**TASK:** Copy the entries exactly, through the "w. is_trajectory \<Psi> N (linear_feedback k" line.

Saved entries:
•••••

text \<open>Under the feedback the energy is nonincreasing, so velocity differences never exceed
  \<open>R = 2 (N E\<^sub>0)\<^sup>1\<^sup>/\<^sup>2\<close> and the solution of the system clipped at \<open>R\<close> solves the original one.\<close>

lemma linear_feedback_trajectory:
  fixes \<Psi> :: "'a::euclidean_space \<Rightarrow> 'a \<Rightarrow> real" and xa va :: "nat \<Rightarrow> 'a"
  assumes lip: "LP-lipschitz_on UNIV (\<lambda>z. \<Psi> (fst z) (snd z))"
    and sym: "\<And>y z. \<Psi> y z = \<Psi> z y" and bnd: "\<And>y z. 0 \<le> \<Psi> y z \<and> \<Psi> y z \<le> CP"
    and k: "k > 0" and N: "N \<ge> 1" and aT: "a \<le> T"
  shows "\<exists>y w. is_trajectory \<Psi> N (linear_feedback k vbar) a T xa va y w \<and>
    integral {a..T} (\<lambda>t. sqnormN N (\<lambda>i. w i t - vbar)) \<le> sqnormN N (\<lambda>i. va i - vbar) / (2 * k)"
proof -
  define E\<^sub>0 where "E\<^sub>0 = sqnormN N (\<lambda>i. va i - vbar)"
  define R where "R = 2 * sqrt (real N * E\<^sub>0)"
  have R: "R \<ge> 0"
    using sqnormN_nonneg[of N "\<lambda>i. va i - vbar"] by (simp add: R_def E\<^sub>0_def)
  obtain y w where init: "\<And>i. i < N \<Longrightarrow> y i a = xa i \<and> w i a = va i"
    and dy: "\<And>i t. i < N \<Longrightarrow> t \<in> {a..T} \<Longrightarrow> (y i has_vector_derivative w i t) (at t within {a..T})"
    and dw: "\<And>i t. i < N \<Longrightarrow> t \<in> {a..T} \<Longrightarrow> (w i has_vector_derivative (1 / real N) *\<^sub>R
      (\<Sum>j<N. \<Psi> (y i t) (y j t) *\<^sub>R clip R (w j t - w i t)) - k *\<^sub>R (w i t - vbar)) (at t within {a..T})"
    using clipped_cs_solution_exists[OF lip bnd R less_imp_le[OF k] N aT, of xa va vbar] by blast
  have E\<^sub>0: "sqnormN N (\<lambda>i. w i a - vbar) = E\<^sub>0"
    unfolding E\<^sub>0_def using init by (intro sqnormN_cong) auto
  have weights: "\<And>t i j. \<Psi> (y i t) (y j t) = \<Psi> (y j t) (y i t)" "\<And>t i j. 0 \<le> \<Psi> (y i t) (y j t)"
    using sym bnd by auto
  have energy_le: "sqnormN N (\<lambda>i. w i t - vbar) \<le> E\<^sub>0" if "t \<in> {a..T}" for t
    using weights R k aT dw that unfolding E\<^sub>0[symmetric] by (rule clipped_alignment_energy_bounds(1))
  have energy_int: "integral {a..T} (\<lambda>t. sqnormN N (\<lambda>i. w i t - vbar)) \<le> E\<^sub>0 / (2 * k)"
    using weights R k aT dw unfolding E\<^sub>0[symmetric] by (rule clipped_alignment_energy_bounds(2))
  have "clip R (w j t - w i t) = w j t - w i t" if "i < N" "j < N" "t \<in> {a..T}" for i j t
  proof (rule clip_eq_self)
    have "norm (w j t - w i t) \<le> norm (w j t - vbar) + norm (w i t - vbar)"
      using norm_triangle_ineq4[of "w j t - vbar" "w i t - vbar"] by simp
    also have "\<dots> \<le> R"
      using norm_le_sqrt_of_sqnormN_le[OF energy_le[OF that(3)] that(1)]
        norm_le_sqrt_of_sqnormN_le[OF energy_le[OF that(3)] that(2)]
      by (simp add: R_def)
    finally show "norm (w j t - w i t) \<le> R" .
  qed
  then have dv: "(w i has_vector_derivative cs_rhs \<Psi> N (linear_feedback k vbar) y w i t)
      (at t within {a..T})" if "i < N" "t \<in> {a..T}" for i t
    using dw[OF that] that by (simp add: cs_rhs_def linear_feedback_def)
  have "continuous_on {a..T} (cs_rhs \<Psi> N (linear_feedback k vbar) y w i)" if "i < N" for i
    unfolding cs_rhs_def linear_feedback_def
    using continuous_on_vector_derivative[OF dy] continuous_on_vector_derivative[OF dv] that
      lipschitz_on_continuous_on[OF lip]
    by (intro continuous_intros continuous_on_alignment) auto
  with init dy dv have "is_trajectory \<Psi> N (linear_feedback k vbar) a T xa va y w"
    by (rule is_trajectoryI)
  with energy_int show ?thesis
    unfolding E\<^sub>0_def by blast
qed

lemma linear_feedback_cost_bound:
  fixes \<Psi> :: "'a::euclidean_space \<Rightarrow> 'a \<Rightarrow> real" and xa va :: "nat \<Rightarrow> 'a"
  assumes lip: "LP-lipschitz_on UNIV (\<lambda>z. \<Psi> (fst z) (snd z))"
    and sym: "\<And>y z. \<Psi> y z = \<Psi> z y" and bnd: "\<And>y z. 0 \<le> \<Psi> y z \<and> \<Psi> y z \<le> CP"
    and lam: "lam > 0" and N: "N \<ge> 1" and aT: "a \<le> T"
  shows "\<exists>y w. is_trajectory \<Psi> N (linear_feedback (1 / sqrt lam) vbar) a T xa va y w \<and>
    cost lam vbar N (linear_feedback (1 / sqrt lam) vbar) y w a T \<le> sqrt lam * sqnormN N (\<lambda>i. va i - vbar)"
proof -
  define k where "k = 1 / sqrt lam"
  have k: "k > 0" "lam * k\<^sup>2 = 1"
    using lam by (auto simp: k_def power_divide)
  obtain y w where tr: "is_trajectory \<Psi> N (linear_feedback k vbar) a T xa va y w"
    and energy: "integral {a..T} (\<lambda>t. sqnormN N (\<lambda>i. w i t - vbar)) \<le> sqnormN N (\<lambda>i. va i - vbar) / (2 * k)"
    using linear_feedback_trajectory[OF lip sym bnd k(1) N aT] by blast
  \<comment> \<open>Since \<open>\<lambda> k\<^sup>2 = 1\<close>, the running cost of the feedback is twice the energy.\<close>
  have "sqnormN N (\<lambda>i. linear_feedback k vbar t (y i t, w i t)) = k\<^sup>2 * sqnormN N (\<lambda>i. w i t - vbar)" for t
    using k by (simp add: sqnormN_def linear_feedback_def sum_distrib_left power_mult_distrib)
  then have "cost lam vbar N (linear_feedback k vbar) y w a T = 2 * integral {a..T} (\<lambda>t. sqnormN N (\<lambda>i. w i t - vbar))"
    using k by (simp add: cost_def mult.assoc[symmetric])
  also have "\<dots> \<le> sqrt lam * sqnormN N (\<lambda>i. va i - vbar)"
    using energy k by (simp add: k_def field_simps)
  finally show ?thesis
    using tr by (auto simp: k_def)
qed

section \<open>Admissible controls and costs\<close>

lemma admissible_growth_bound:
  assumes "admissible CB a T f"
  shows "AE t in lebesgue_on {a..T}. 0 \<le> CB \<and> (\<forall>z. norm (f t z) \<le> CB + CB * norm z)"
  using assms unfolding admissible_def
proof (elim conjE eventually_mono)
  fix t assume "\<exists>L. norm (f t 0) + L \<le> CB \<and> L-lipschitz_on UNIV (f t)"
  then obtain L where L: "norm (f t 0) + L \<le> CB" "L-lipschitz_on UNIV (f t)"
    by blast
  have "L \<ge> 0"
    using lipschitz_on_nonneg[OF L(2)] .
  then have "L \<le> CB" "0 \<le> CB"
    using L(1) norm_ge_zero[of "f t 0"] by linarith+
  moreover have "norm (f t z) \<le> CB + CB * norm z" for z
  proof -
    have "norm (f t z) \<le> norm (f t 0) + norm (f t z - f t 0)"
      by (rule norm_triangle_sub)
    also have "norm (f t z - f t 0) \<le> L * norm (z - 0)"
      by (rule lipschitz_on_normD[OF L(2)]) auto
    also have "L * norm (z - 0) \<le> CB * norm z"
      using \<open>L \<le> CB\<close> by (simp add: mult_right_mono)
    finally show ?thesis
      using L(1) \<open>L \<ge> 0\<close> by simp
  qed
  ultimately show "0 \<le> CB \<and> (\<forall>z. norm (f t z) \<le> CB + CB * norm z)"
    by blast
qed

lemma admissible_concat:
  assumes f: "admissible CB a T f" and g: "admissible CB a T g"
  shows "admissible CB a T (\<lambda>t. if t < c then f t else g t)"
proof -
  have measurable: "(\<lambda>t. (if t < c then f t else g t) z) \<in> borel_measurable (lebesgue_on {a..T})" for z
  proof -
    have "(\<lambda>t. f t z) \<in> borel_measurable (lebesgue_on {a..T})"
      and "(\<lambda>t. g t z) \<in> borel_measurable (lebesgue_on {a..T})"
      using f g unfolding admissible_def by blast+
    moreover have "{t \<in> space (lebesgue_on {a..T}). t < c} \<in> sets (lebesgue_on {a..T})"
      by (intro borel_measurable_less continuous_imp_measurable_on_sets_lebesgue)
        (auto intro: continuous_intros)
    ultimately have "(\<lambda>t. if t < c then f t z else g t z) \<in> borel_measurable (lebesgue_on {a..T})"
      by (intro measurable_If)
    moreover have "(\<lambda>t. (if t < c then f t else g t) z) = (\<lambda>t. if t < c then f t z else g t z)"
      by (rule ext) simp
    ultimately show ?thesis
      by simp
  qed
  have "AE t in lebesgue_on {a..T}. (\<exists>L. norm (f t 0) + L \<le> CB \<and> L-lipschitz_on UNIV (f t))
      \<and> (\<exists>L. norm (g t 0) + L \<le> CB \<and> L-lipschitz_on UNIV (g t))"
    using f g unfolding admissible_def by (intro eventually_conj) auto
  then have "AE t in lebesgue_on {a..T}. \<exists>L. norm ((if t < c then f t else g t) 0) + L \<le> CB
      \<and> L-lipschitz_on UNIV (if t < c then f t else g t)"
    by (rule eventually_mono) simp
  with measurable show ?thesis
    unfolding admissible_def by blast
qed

•••••

**RESULT OF THIS EXERCISE:**
text \<open>Under the feedback the energy is nonincreasing, so velocity differences never exceed
  \<open>R = 2 (N E\<^sub>0)\<^sup>1\<^sup>/\<^sup>2\<close> and the solution of the system clipped at \<open>R\<close> solves the original one.\<close>

lemma linear_feedback_trajectory:
  fixes \<Psi> :: "'a::euclidean_space \<Rightarrow> 'a \<Rightarrow> real" and xa va :: "nat \<Rightarrow> 'a"
  assumes lip: "LP-lipschitz_on UNIV (\<lambda>z. \<Psi> (fst z) (snd z))"
    and sym: "\<And>y z. \<Psi> y z = \<Psi> z y" and bnd: "\<And>y z. 0 \<le> \<Psi> y z \<and> \<Psi> y z \<le> CP"
    and k: "k > 0" and N: "N \<ge> 1" and aT: "a \<le> T"
  shows "\<exists>y w. is_trajectory \<Psi> N (linear_feedback k vbar) a T xa va y w \<and>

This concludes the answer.